Es normalmente algo que nosotros quizá por citadinos, no sé por qué, olvidamos; pero esas personas yo creo que me han enseñado mucho sobre todo de cómo leer el mundo y cómo Jesús nos invita a recibir el mundo con agradecimiento, con gozo.



¿Y los estudios, tanto de fisioterapia como de filosofía, cómo te ayudan a servir, y ayudar en la construcción del reino?


Los estudios, sobre todo por lo pronto de filosofía y quizá los previos también, primero ayudan mucho en el sentido de ayudarnos a leer mejor los contextos; o sea, uno puede entender mejor qué está pasando en la realidad en la que está cuando se ayuda de distintos autores, distintas apreciaciones, de cómo es que entendemos la sociedad y la manera en que los individuos en la sociedad se relacionan.


También yo creo que los estudios, casi en cualquier ámbito, nos ayudan como jesuitas porque la gente está muy sedienta de formación, sedienta de recibir algún tipo de material, algún tipo de conocimiento. Entonces, cuando uno estudia, creo que se adentra al mundo del conocimiento, a entender las cosas de manera distinta, de manera un poco más integral, quizá, y eso la gente lo termina agradeciendo. O sea, la gente, por decirlo así, está sedienta de aprender, y cuando uno estudia se le va dando la oportunidad de ayudar en ese sentido.

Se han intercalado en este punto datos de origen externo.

lemma catalan_word_conv_nth:
  "catalan_word a \<longleftrightarrow> (a \<noteq> [] \<longrightarrow> a ! 0 = 0) \<and> (\<forall>i. Suc i < length a \<longrightarrow> a ! Suc i \<le> Suc (a ! i))"
  unfolding catalan_word_def successively_conv_nth by (cases a) auto

lemma catalan_word_nth_le: "catalan_word a \<Longrightarrow> i < length a \<Longrightarrow> a ! i \<le> i"
  by (induction i) (auto simp: catalan_word_conv_nth)

lemma catalan_word_join: "catalan_word b \<Longrightarrow> catalan_word c \<Longrightarrow> catalan_word (word_join b c)"
  unfolding catalan_word_def word_join_def
  by (auto simp: successively_Cons successively_append_iff successively_map hd_map last_map
      hd_append split: if_splits)

lemma word_join_eq_iff:
  assumes "catalan_word c" "catalan_word c'"
  shows "word_join b c = word_join b' c' \<longleftrightarrow> b = b' \<and> c = c'"
proof
  assume eq: "word_join b c = word_join b' c'"
  have "takeWhile (\<lambda>x. 0 < x) (map Suc b @ c) = map Suc b" if "catalan_word c" for b c
  proof -
    have "takeWhile (\<lambda>x. 0 < x) c = []"
      using that by (cases c) (auto simp: catalan_word_def)
    then show ?thesis
      by (subst takeWhile_append2) auto
  qed
  then have "map Suc b = map Suc b'"
    using eq assms unfolding word_join_def by (metis list.inject)
  then show "b = b' \<and> c = c'"
    using eq unfolding word_join_def by (simp add: inj_map_eq_map)
qed simp

lemma catalan_word_decompose:
  assumes "catalan_word a" "a \<noteq> []"
  obtains b c where "catalan_word b" "catalan_word c" "a = word_join b c"
proof -
  obtain rest where a: "a = 0 # rest"
    using assms unfolding catalan_word_def by (cases a) auto
  define b where "b = map (\<lambda>x. x - 1) (takeWhile (\<lambda>x. 0 < x) rest)"
  define c where "c = dropWhile (\<lambda>x. 0 < x) rest"
  have pos: "\<forall>x\<in>set (takeWhile (\<lambda>x. 0 < x) rest). 0 < x"
    by (auto dest: set_takeWhileD)
  then have b: "map Suc b = takeWhile (\<lambda>x. 0 < x) rest"
    unfolding b_def by (simp add: map_idI)
  then have rest: "rest = map Suc b @ c"
    unfolding c_def by simp
  have succ: "successively (\<lambda>x y. y \<le> Suc x) (0 # map Suc b @ c)"
    using assms(1) unfolding a rest catalan_word_def by simp
  have "catalan_word b"
    using succ unfolding catalan_word_def
    by (cases b) (auto simp: successively_Cons successively_append_iff successively_map hd_map)
  moreover have "c = [] \<or> hd c = 0"
    using hd_dropWhile[of "\<lambda>x. 0 < x" rest] unfolding c_def by (cases "c = []") (auto simp: c_def)
  then have "catalan_word c"
    using succ unfolding catalan_word_def by (auto simp: successively_Cons successively_append_iff)
  ultimately show thesis
    using that unfolding a rest word_join_def by blast
qed

lemma catalan_words_0: "catalan_words 0 = {[]}"
  by (auto simp: catalan_words_def catalan_word_def)

lemma finite_catalan_words: "finite (catalan_words n)"
proof (rule finite_subset)
  show "catalan_words n \<subseteq> {a. set a \<subseteq> {..<n} \<and> length a = n}"
    using catalan_word_nth_le by (fastforce simp: catalan_words_def in_set_conv_nth)
qed (simp add: finite_lists_length_eq)

lemma catalan_words_Suc:
  "catalan_words (Suc n) = (\<lambda>(b, c). word_join b c) ` (\<Union>j\<le>n. catalan_words j \<times> catalan_words (n - j))"
proof (intro set_eqI iffI)
  fix a assume "a \<in> catalan_words (Suc n)"
  then have a: "catalan_word a" "a \<noteq> []" "length a = Suc n"
    by (auto simp: catalan_words_def)
  then obtain b c where "catalan_word b" "catalan_word c" "a = word_join b c"
    using catalan_word_decompose[OF a(1,2)] by blast
  moreover have "length b + length c = n"
    using a(3) unfolding \<open>a = word_join b c\<close> word_join_def by simp
  ultimately show "a \<in> (\<lambda>(b, c). word_join b c) ` (\<Union>j\<le>n. catalan_words j \<times> catalan_words (n - j))"
    by (force simp: catalan_words_def)
next
  fix a assume "a \<in> (\<lambda>(b, c). word_join b c) ` (\<Union>j\<le>n. catalan_words j \<times> catalan_words (n - j))"
  then show "a \<in> catalan_words (Suc n)"
    by (auto simp: catalan_words_def catalan_word_join) (simp add: word_join_def)
qed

Ya contemplando todo tu recorrido, ¿qué le dirías a tu yo que tenía dudas o miedos de entrar a la compañía?


Yo le diría que este camino y este recorrido valen mucho la pena, realmente. Creo que viendo hacia atrás no me arrepiento de ninguno de los momentos, a pesar de que en cada uno vaya reconociendo una dificultad, un reto. Viendo el panorama a la distancia, estoy muy agradecido por la experiencia.


Entonces yo le diría que se siga animando, que siga a Jesús de manera cada vez más apasionada y cada vez más auténtica; porque Jesús tiene una relación personal con cada uno de nosotros y nosotras.


Entonces yo le diría: escucha a Dios hablándote ahí, escucha a Dios, hablándote en la realidad y síguele de manera valiente… eso también es un tema que me ha surgido en los últimos ejercicios espirituales.



A un chavo que quiere entrar a la Compañía de Jesús, pero también tiene miedos, ¿qué le dirías?


Yo le diría que es un proceso, o será un proceso y un tiempo, bien invertido siempre. El proceso de búsqueda en la Compañía, sobre todo por cómo está planteado, por la propuesta de autoconocimiento, de discernimiento, de seguimiento de Jesús radical, le va a dejar mucho, termine donde termine.


El proceso en la Compañía creo que es muy rico y muy valioso, y le va a ayudar mucho a él y a otros. Entonces, yo diría que se anime.



¿Para ti, quién es Jesús?


Para mí Jesús es ese gran amigo que me invita a ver el mundo con esperanza, que me invita a construir su reino desde lo que tengo y desde lo que soy, junto con otros y otras, sabiendo que quizá no voy a hacer mucho, pero que lo que puedo hacer será bueno. Ese gran amigo que no espera nada a cambio, pero que está siempre deseoso de recibir.



¿Para ti qué es ser jesuita?

Para mí, ser jesuita es servir a los últimos al lado de Jesús.